Work instruction> In the records below, some lines hold the word "bool". Copy each of those lines.

Items from a dataset>
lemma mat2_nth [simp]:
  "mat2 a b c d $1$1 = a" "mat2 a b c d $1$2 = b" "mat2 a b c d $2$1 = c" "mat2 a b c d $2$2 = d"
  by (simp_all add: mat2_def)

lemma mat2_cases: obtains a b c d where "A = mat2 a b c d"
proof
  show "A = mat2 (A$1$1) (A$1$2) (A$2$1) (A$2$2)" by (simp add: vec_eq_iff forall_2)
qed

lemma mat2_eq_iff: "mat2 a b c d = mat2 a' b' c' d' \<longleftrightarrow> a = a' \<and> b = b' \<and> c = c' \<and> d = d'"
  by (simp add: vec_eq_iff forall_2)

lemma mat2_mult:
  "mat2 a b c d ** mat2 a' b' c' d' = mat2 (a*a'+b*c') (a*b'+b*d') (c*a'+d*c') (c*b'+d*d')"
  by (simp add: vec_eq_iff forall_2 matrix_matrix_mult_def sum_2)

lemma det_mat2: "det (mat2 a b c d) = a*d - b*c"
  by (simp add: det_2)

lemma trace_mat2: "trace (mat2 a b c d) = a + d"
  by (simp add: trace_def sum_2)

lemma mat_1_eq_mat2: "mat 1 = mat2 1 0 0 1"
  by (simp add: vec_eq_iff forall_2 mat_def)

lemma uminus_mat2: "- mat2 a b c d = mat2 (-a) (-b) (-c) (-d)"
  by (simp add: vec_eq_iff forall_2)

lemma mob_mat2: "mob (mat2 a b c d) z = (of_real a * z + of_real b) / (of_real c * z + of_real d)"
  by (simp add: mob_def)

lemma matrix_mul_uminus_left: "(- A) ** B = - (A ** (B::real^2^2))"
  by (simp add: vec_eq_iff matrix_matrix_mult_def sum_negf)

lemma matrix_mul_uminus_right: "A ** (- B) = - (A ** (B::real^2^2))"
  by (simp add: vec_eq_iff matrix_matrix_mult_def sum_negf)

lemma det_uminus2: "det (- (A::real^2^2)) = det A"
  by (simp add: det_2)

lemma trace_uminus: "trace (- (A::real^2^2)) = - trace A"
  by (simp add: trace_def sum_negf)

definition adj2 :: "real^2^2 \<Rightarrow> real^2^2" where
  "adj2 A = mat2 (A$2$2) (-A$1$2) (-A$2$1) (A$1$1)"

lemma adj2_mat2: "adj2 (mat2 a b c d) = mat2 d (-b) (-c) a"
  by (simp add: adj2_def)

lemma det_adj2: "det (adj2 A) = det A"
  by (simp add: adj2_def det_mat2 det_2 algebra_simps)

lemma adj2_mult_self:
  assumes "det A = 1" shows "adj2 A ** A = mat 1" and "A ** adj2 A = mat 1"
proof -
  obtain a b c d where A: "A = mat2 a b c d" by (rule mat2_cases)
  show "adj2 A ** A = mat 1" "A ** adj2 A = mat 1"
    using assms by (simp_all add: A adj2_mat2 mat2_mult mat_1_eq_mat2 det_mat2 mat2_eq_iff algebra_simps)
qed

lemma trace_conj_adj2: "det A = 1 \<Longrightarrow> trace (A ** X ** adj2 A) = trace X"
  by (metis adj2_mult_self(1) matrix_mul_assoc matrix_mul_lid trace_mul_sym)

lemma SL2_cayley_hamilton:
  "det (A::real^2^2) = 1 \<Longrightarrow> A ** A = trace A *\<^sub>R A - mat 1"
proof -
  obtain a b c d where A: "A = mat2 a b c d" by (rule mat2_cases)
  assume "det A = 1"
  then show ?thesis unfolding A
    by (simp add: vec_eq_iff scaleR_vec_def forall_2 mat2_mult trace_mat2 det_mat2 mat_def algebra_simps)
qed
---
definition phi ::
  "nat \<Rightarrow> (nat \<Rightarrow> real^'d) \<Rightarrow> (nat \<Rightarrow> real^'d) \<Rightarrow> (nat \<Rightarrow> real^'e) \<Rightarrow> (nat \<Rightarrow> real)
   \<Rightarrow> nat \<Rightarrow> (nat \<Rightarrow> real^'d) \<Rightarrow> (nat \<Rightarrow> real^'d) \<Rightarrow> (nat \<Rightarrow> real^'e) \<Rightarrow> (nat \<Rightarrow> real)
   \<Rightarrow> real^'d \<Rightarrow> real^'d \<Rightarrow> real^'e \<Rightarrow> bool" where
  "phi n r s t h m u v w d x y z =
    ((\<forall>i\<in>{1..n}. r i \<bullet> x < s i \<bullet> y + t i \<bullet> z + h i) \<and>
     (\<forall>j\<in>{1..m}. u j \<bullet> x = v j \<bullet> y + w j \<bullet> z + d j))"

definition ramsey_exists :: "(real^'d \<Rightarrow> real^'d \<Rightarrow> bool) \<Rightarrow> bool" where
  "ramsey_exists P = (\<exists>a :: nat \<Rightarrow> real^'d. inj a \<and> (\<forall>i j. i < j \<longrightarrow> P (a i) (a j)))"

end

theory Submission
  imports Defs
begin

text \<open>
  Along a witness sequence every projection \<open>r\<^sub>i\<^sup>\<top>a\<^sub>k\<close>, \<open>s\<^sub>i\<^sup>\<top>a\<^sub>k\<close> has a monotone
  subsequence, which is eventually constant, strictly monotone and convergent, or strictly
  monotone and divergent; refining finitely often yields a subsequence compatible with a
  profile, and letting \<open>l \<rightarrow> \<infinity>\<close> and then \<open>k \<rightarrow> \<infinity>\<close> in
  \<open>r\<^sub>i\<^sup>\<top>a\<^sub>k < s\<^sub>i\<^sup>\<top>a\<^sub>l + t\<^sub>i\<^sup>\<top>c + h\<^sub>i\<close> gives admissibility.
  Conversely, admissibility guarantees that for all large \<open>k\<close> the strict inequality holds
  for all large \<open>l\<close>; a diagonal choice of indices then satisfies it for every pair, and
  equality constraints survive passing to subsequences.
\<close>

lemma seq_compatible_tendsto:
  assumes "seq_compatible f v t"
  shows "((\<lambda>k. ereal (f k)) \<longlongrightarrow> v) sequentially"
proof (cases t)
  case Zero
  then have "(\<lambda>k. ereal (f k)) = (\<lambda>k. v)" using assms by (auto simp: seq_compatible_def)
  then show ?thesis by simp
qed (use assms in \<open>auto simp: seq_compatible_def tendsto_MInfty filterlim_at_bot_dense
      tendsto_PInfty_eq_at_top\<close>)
--
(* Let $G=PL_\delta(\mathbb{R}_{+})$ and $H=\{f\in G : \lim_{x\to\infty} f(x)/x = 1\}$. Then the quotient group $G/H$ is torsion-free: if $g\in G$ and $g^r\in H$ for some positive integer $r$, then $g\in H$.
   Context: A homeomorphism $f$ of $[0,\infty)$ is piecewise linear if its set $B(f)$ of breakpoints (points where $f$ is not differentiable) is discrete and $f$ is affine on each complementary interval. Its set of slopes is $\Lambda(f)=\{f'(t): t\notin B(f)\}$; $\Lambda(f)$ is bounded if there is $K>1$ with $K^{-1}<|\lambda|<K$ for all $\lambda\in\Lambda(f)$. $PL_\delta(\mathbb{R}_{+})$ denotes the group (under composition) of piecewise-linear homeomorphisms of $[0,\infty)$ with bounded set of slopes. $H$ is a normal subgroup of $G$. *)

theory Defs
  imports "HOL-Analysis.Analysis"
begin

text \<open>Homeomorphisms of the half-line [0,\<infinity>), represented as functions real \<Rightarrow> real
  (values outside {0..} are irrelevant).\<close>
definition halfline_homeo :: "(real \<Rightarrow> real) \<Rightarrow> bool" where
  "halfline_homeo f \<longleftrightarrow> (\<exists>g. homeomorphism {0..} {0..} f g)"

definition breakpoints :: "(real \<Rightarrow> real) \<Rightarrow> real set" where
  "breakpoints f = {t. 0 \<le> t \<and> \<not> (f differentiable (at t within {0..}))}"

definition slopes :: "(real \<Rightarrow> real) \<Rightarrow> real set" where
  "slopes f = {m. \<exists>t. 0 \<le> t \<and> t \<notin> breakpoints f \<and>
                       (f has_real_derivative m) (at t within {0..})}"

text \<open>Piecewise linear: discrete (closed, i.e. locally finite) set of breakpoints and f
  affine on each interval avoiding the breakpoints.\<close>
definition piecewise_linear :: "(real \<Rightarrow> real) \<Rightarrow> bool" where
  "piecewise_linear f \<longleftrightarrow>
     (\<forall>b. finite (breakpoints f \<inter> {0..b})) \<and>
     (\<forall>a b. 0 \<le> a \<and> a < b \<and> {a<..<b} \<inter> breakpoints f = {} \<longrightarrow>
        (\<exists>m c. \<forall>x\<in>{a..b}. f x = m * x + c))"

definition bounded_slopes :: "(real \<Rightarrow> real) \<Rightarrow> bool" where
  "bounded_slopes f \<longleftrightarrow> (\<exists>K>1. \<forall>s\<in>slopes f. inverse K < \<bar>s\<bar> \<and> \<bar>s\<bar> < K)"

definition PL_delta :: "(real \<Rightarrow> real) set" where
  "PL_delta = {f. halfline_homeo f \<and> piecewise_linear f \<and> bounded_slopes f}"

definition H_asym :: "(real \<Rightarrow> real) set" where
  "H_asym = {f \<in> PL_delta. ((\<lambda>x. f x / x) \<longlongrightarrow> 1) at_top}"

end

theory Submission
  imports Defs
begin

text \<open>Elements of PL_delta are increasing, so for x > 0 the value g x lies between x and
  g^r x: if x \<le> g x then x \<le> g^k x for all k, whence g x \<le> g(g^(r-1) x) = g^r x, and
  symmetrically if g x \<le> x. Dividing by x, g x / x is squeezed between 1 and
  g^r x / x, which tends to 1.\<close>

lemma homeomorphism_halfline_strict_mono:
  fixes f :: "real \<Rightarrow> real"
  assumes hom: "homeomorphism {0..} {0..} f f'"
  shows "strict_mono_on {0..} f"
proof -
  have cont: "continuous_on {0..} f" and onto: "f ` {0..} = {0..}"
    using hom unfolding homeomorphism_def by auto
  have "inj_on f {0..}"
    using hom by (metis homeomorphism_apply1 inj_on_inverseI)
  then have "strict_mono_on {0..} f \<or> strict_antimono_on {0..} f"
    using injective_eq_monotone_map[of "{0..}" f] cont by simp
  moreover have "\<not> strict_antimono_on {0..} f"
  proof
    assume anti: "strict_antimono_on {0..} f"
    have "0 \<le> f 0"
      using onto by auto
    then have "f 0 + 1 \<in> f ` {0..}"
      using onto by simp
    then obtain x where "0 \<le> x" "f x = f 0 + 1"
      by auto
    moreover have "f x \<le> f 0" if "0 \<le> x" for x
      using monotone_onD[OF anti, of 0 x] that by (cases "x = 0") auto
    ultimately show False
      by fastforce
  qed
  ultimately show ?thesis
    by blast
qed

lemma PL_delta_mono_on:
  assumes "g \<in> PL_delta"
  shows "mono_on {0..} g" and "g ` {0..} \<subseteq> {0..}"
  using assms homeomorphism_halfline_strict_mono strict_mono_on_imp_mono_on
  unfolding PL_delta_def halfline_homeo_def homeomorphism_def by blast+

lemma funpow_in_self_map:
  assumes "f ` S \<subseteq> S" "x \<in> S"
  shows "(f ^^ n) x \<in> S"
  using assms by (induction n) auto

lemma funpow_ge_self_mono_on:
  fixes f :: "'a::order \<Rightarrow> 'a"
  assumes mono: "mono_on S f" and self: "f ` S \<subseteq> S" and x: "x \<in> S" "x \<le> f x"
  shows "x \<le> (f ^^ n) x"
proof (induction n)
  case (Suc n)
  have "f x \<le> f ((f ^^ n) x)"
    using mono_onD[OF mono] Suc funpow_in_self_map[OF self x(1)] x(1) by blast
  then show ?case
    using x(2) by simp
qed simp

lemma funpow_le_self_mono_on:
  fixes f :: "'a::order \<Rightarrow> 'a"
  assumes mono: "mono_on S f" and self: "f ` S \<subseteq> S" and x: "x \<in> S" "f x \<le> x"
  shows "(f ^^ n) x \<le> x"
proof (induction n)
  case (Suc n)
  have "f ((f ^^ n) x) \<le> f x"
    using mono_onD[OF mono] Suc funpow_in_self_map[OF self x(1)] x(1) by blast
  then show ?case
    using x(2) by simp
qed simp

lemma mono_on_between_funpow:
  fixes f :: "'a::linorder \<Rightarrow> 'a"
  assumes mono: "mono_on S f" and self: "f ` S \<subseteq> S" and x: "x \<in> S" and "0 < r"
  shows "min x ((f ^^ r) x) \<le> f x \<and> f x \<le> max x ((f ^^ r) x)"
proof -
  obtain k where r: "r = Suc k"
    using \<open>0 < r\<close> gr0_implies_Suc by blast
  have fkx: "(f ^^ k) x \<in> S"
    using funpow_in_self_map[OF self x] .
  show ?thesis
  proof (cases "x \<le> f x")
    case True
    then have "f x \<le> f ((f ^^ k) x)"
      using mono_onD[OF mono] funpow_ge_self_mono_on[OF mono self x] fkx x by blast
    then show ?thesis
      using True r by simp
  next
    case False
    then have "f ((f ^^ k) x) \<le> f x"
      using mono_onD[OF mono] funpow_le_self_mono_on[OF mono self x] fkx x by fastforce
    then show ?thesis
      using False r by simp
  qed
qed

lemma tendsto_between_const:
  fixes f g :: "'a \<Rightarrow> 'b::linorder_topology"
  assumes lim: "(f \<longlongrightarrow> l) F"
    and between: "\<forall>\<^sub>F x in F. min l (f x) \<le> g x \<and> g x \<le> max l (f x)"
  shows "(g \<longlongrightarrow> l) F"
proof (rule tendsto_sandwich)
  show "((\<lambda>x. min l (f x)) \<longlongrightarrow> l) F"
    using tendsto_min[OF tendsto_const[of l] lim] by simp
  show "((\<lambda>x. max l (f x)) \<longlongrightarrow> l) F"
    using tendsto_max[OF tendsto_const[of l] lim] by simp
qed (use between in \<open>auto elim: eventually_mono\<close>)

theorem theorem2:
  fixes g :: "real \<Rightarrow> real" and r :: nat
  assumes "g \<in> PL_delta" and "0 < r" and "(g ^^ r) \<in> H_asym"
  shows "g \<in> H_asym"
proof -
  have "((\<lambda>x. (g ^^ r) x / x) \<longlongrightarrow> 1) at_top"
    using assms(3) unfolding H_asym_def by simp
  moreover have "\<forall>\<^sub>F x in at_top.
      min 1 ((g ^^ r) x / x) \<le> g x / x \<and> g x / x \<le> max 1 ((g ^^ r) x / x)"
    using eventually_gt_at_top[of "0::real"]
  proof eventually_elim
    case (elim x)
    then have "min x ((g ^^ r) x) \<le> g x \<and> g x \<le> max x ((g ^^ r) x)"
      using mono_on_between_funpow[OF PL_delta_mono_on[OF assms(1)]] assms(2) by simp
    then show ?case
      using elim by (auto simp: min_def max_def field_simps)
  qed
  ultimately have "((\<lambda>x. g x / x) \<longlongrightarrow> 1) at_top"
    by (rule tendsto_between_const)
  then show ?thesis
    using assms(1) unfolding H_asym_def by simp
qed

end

Exercise result>
   \<Rightarrow> real^'d \<Rightarrow> real^'d \<Rightarrow> real^'e \<Rightarrow> bool" where
definition ramsey_exists :: "(real^'d \<Rightarrow> real^'d \<Rightarrow> bool) \<Rightarrow> bool" where
definition halfline_homeo :: "(real \<Rightarrow> real) \<Rightarrow> bool" where
definition piecewise_linear :: "(real \<Rightarrow> real) \<Rightarrow> bool" where
definition bounded_slopes :: "(real \<Rightarrow> real) \<Rightarrow> bool" where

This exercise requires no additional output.